# Bedding



## Adopter (Aug 24, 2012)

How does Carefresh bedding differ to sawdust ? 

I've just had a giant house made for my rescue gerbils that I'm collecting tomorrow from the rspca,all 6 of them (mother & 5 daughters) .
Their cage measures approx 1.5m length , 60cm depth and the ground floor of the cage where the bedding will go is approx 40cm deep.

Anyway, I've just bought the bedding on my way to work , ready to put in tonight but I've never used carefresh before and bought the Carefresh 60ltr bedding ( the £20 pack) , I also plan to put some of the Back to nature small animal bedding & litter in aswell, and maybe a tiny layer of organic soil as a very thin base layer. 

Should I put sawdust in as well as the carefresh ? Does the carefresh allow them to build sustainable tunnels that will last? Or shall I just put sawdust in and use the carefresh with my hamster?

What is best? SO many choices , so many decisions!


----------



## Teesside Hamsters (Aug 31, 2012)

Carefresh is better for odour control (though I beleive gerbils dont smell?), it absorbs more and my hamsters make great tunnels in it. Megazorb is like a cheaper carefresh and just as good IMHO. Aubiose is a hemp bedding and can be quite nice too, not sure how well it is for digging and tunneling though as I have only given it to hamsters who dont dig much. 

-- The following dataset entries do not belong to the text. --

(* Let $r>0$ and let $S$ be a finite set of sites in $\mathbb{H}^2$ with pairwise hyperbolic distance at least $2r$. Then every inner vertex of the Delaunay complex $\mathcal{D}(S)$ (i.e., every site whose Voronoi cell is bounded) has degree at least $e^r$ in $\mathcal{D}(S)$.
   Context: $\mathbb{H}^2$ is the hyperbolic plane of curvature $-1$. For a finite $S\subset\mathbb{H}^2$, the Voronoi cell of $s\in S$ is the set of points of $\mathbb{H}^2$ closer to $s$ than to any other site. The Delaunay complex $\mathcal{D}(S)$ is the graph on $S$ in which two sites are adjacent iff their Voronoi cells share a boundary segment of positive length (a Voronoi edge); it is a plane graph when each edge is drawn through a point of the shared Voronoi edge, and a site is an outer vertex (lies on the unbounded face) iff its Voronoi cell is unbounded. *)

theory Defs
  imports "HOL-Analysis.Analysis"
begin

text \<open>Upper half-plane model of the hyperbolic plane of curvature -1.\<close>

definition hplane :: "complex set" where
  "hplane = {z. Im z > 0}"

definition hdist :: "complex \<Rightarrow> complex \<Rightarrow> real" where
  "hdist z w = arcosh (1 + (cmod (z - w))\<^sup>2 / (2 * Im z * Im w))"

definition voronoi_cell :: "complex set \<Rightarrow> complex \<Rightarrow> complex set" where
  "voronoi_cell S s = {p \<in> hplane. \<forall>t\<in>S. t \<noteq> s \<longrightarrow> hdist p s < hdist p t}"

definition hbounded :: "complex set \<Rightarrow> bool" where
  "hbounded A \<longleftrightarrow> (\<exists>c\<in>hplane. \<exists>R. \<forall>p\<in>A. hdist c p \<le> R)"

text \<open>Common boundary of two Voronoi cells (inside the hyperbolic plane; the topology of
  the half-plane model is the subspace topology of the complex plane).\<close>
definition common_boundary :: "complex set \<Rightarrow> complex \<Rightarrow> complex \<Rightarrow> complex set" where
  "common_boundary S s t = closure (voronoi_cell S s) \<inter> closure (voronoi_cell S t) \<inter> hplane"

text \<open>Delaunay adjacency: the cells share a boundary segment of positive length.
  The common boundary is a convex subset of the bisector geodesic, so it has positive
  length iff it is infinite.\<close>
definition delaunay_adj :: "complex set \<Rightarrow> complex \<Rightarrow> complex \<Rightarrow> bool" where
  "delaunay_adj S s t \<longleftrightarrow> s \<in> S \<and> t \<in> S \<and> s \<noteq> t \<and> infinite (common_boundary S s t)"

definition delaunay_degree :: "complex set \<Rightarrow> complex \<Rightarrow> nat" where
  "delaunay_degree S s = card {t \<in> S. delaunay_adj S s t}"

end

(*
  Move s to the centre 0 of the Poincare disk. Walking from 0 along the ray of direction theta one
  must leave the bounded cell of s, through the bisector of 0 and the disk position v of another
  site. For all but countably many theta the first bisector met belongs to a unique site t; then t
  is a Delaunay neighbour of s, and Re (e^(i theta) conj v) >= |v|^2, i.e.
  cos (theta - arg v) >= |v|. Separation gives |v| >= tanh r = cos (2 arctan e^(-r)), so theta lies
  within 2 e^(-r) of arg v modulo 2 pi. Hence arcs of length 4 e^(-r) around the arguments of the
  neighbours cover the circle up to a null set, and the degree is at least pi e^r / 2 > e^r.
*)
theory Submission
  imports Defs
begin

section \<open>Poincare disk coordinates\<close>

(* The Cayley transform of the unit disk onto hplane sending 0 to a + b i; in these coordinates
   the cosh of the hyperbolic distance is 1 + disk_kernel. *)
definition from_disk :: "real \<Rightarrow> real \<Rightarrow> complex \<Rightarrow> complex" where
  "from_disk a b w = of_real a + of_real b * \<i> * ((1 + w) / (1 - w))"

definition to_disk :: "real \<Rightarrow> real \<Rightarrow> complex \<Rightarrow> complex" where
  "to_disk a b z = ((z - of_real a) / of_real b - \<i>) / ((z - of_real a) / of_real b + \<i>)"

definition disk_kernel :: "complex \<Rightarrow> complex \<Rightarrow> real" where
  "disk_kernel w v = 2 * (cmod (w - v))\<^sup>2 / ((1 - (cmod w)\<^sup>2) * (1 - (cmod v)\<^sup>2))"

lemma Im_from_disk:
  assumes "cmod w < 1"
  shows "Im (from_disk a b w) = b * (1 - (cmod w)\<^sup>2) / (cmod (1 - w))\<^sup>2"
proof -
  have Im_mult_i: "Im (of_real b * \<i> * X) = b * Re X" for X
    by simp
  have "Im (from_disk a b w) = b * Re ((1 + w) / (1 - w))"
    unfolding from_disk_def plus_complex.sel Im_complex_of_real add_0_left by (rule Im_mult_i)
  also have "Re ((1 + w) / (1 - w)) = (1 - (cmod w)\<^sup>2) / (cmod (1 - w))\<^sup>2"
    unfolding Re_divide' cmod_power2 by (simp add: algebra_simps power2_eq_square)
  finally show ?thesis by simp
qed

lemma from_disk_in_hplane:
  assumes "0 < b" "cmod w < 1"
  shows "from_disk a b w \<in> hplane"
proof -
  have "1 - w \<noteq> 0" using assms(2) by auto
  then show ?thesis
    using assms by (simp add: hplane_def Im_from_disk abs_square_less_1)
qed

lemma from_disk_zero: "from_disk a b 0 = Complex a b"
  by (simp add: from_disk_def complex_eq_iff)

lemma from_disk_diff:
  assumes "cmod w < 1" "cmod v < 1"
  shows "from_disk a b w - from_disk a b v = of_real b * \<i> * (2 * (w - v) / ((1 - w) * (1 - v)))"
proof -
  have "1 - w \<noteq> 0" "1 - v \<noteq> 0" using assms by auto
  then show ?thesis by (simp add: from_disk_def field_simps)
qed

Some people avoid shavings as the dust from them can cause respiratory problems in some rodents (very much so in the case of rats who should never be on shavings), and shavings contain phenols which again have some problems linked with them. By avoiding the wood you avoid those potential problems. 

Agreed ... there are loads of choices and it took me ages to decide I prefer megazorb for my digging hamsters, rat (no longer with me) and rabbit litter trays, and finacard for my guinea pigs.


----------